Re: Problem with entityLinking on Uppercase tokens

Joseph M'Bimbi-Bene Mon, 03 Jun 2013 07:13:01 -0700

Hello, i forgot to mention that


2013/6/3 Rupert Westenthaler <[email protected]>

> Hi Joseph,
>
> you are right the 'Upper Case Token Mode' interferes with the
> configured UpperCase mode. Maybe it would be better to remove the
> 'Upper Case Token Mode' parameter introduced by STANBOL-1049 and
> implement a similar functionality by using the existing "Upper Case"
> parameter.
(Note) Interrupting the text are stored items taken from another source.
lemma quantum_matrix_relations:
  fixes P Q :: "'a::ring_1" and y z :: "nat \<Rightarrow> nat \<Rightarrow> 'a"
  assumes QP: "Q * P = 1"
    and rel11: "y 1 2 * y 1 1 = P * (y 1 1 * y 1 2)"
    and rel22: "y 2 2 * y 2 1 = P * (y 2 1 * y 2 2)"
    and rel12: "P * (y 2 2 * y 1 1) + y 1 2 * y 2 1 = P * (P * (y 2 1 * y 1 2) + y 1 1 * y 2 2)"
    and left_inv: "\<And>l j. l \<in> {1, 2} \<Longrightarrow> j \<in> {1, 2} \<Longrightarrow>
      z l 1 * y 1 j + z l 2 * y 2 j = (if l = j then 1 else 0)"
    and transposed_inv: "\<And>l j. l \<in> {1, 2} \<Longrightarrow> j \<in> {1, 2} \<Longrightarrow>
      y 1 j * z l 1 + y 2 j * z l 2 = (if l = j then 1 else 0)"
  shows "y 2 1 * y 1 1 = Q * (y 1 1 * y 2 1)"
    and "y 2 2 * y 1 2 = Q * (y 1 2 * y 2 2)"
    and "P * (y 2 1 * y 1 2) = Q * (y 1 2 * y 2 1)"
    and "y 2 2 * y 1 1 = y 1 1 * y 2 2"
proof -
  have cancel: "Q * (P * w) = w" for w by (simp add: mult.assoc[symmetric] QP)
  define D where "D = y 2 2 * y 1 1 - P * (y 2 1 * y 1 2)"
  have "y 1 1 * z 1 1 + y 2 1 * z 1 2 = 1" "y 1 1 * z 2 1 + y 2 1 * z 2 2 = 0"
    "y 1 2 * z 1 1 + y 2 2 * z 1 2 = 0" "y 1 2 * z 2 1 + y 2 2 * z 2 2 = 1"
    using transposed_inv[of 1 1] transposed_inv[of 2 1] transposed_inv[of 1 2] transposed_inv[of 2 2]
    by simp_all
  note row = row_mult_right_inverse_2x2[OF this]
  have row1: "y 2 2 * y 1 1 + - (P * y 2 1) * y 1 2 = D" "y 2 2 * y 2 1 + - (P * y 2 1) * y 2 2 = 0"
    using rel22 by (simp_all add: D_def mult.assoc)
  have Dz11: "D * z 1 1 = y 2 2" and Dz21: "D * z 2 1 = - (P * y 2 1)"
    using row[where ?u1.0 = "y 2 2" and ?u2.0 = "- (P * y 2 1)"] unfolding row1 by simp_all
  have row2: "y 1 2 * y 1 1 + - (P * y 1 1) * y 1 2 = 0" "y 1 2 * y 2 1 + - (P * y 1 1) * y 2 2 = - (P * D)"
    using rel11 rel12 by (simp_all add: D_def algebra_simps)
  have "Q * y 1 2 = Q * (- (P * D) * z 1 2)" "Q * - (P * y 1 1) = Q * (- (P * D) * z 2 2)"
    using row[where ?u1.0 = "y 1 2" and ?u2.0 = "- (P * y 1 1)"] unfolding row2 by simp_all
  then have Dz12: "D * z 1 2 = - (Q * y 1 2)" and Dz22: "D * z 2 2 = y 1 1"
    by (simp_all add: mult.assoc cancel)
  have "D * (z l 1 * y 1 j + z l 2 * y 2 j) = (if l = j then D else 0)"
    if "l \<in> {1, 2}" "j \<in> {1, 2}" for l j
    using left_inv[OF that] by simp
  then have "D * z 1 1 * y 1 1 + D * z 1 2 * y 2 1 = D" "D * z 1 1 * y 1 2 + D * z 1 2 * y 2 2 = 0"
    "D * z 2 1 * y 1 1 + D * z 2 2 * y 2 1 = 0" "D * z 2 1 * y 1 2 + D * z 2 2 * y 2 2 = D"
    by (simp_all add: distrib_left mult.assoc)
  then have "y 2 2 * y 1 1 - Q * (y 1 2 * y 2 1) = D" "y 2 2 * y 1 2 - Q * (y 1 2 * y 2 2) = 0"
    "y 1 1 * y 2 1 - P * (y 2 1 * y 1 1) = 0" "y 1 1 * y 2 2 - P * (y 2 1 * y 1 2) = D"
    unfolding Dz11 Dz12 Dz21 Dz22 by (simp_all add: mult.assoc)
  then show "y 2 1 * y 1 1 = Q * (y 1 1 * y 2 1)"
    and "y 2 2 * y 1 2 = Q * (y 1 2 * y 2 2)"
    and "P * (y 2 1 * y 1 2) = Q * (y 1 2 * y 2 1)"
    and "y 2 2 * y 1 1 = y 1 1 * y 2 2"
    by (simp_all add: D_def cancel)
qed

theorem lemma5p3:
  fixes \<iota> :: "'k::field \<Rightarrow> 'h::ring_1"
    and p :: 'k
    and \<Delta> :: "'h \<Rightarrow> ('h \<times> 'h) list" and \<epsilon> :: "'h \<Rightarrow> 'k" and S :: "'h \<Rightarrow> 'h"
    and y :: "nat \<Rightarrow> nat \<Rightarrow> 'h"
  assumes "p \<noteq> 0"
    and "hopf_algebra \<iota> \<Delta> \<epsilon> S"
    and "comodule_algebra_Ap \<iota> p \<Delta> \<epsilon> y"
    and "\<forall>a. S (S a) = a"
  shows "y 2 1 * y 1 1 = \<iota> (inverse p) * (y 1 1 * y 2 1)
    \<and> y 2 2 * y 1 2 = \<iota> (inverse p) * (y 1 2 * y 2 2)
    \<and> \<iota> p * (y 2 1 * y 1 2) = \<iota> (inverse p) * (y 1 2 * y 2 1)
    \<and> y 2 2 * y 1 1 = y 1 1 * y 2 2"
proof -
  interpret hopf_structure \<iota> \<Delta> \<epsilon> S by (rule hopf_structure.intro) (rule assms(2))
  have inverse: "\<iota> (inverse p) * \<iota> p = 1"
    using assms(1) by (simp add: k_algebra_mult[OF is_k_algebra, symmetric] k_algebra_one[OF is_k_algebra])
  have involutive: "\<And>a. S (S a) = a" using assms(4) by blast
  show ?thesis
    using quantum_matrix_relations[OF inverse comodule_algebra_Ap_relations[OF is_k_algebra assms(3)]
        antipode_inverse_matrix(1)[OF assms(3)] antipode_transposed_inverse_matrix[OF assms(3) _ _ involutive]]
    by blast
qed

end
But I am not yet completely sure if this is possible. I any
> case I will link your previous mail with this issue and not this as an
> unresolved issue for STANBOL-1049.
>
> I think in you specific case it would be best to use a very low
> probability setting (e.g. prop=0.001) as it seams that a lot of the
> suggestions of Talismane are ok, even if they do have a very low
> probability. This would avoid the "unknown POS tag fallback" to take
> effect and therefore workaround the described issues.
>
>
i tried that, here is the config:
"*;lmmtip;uc=NONE;lc=Noun;prop=0.001;pprob=0.75"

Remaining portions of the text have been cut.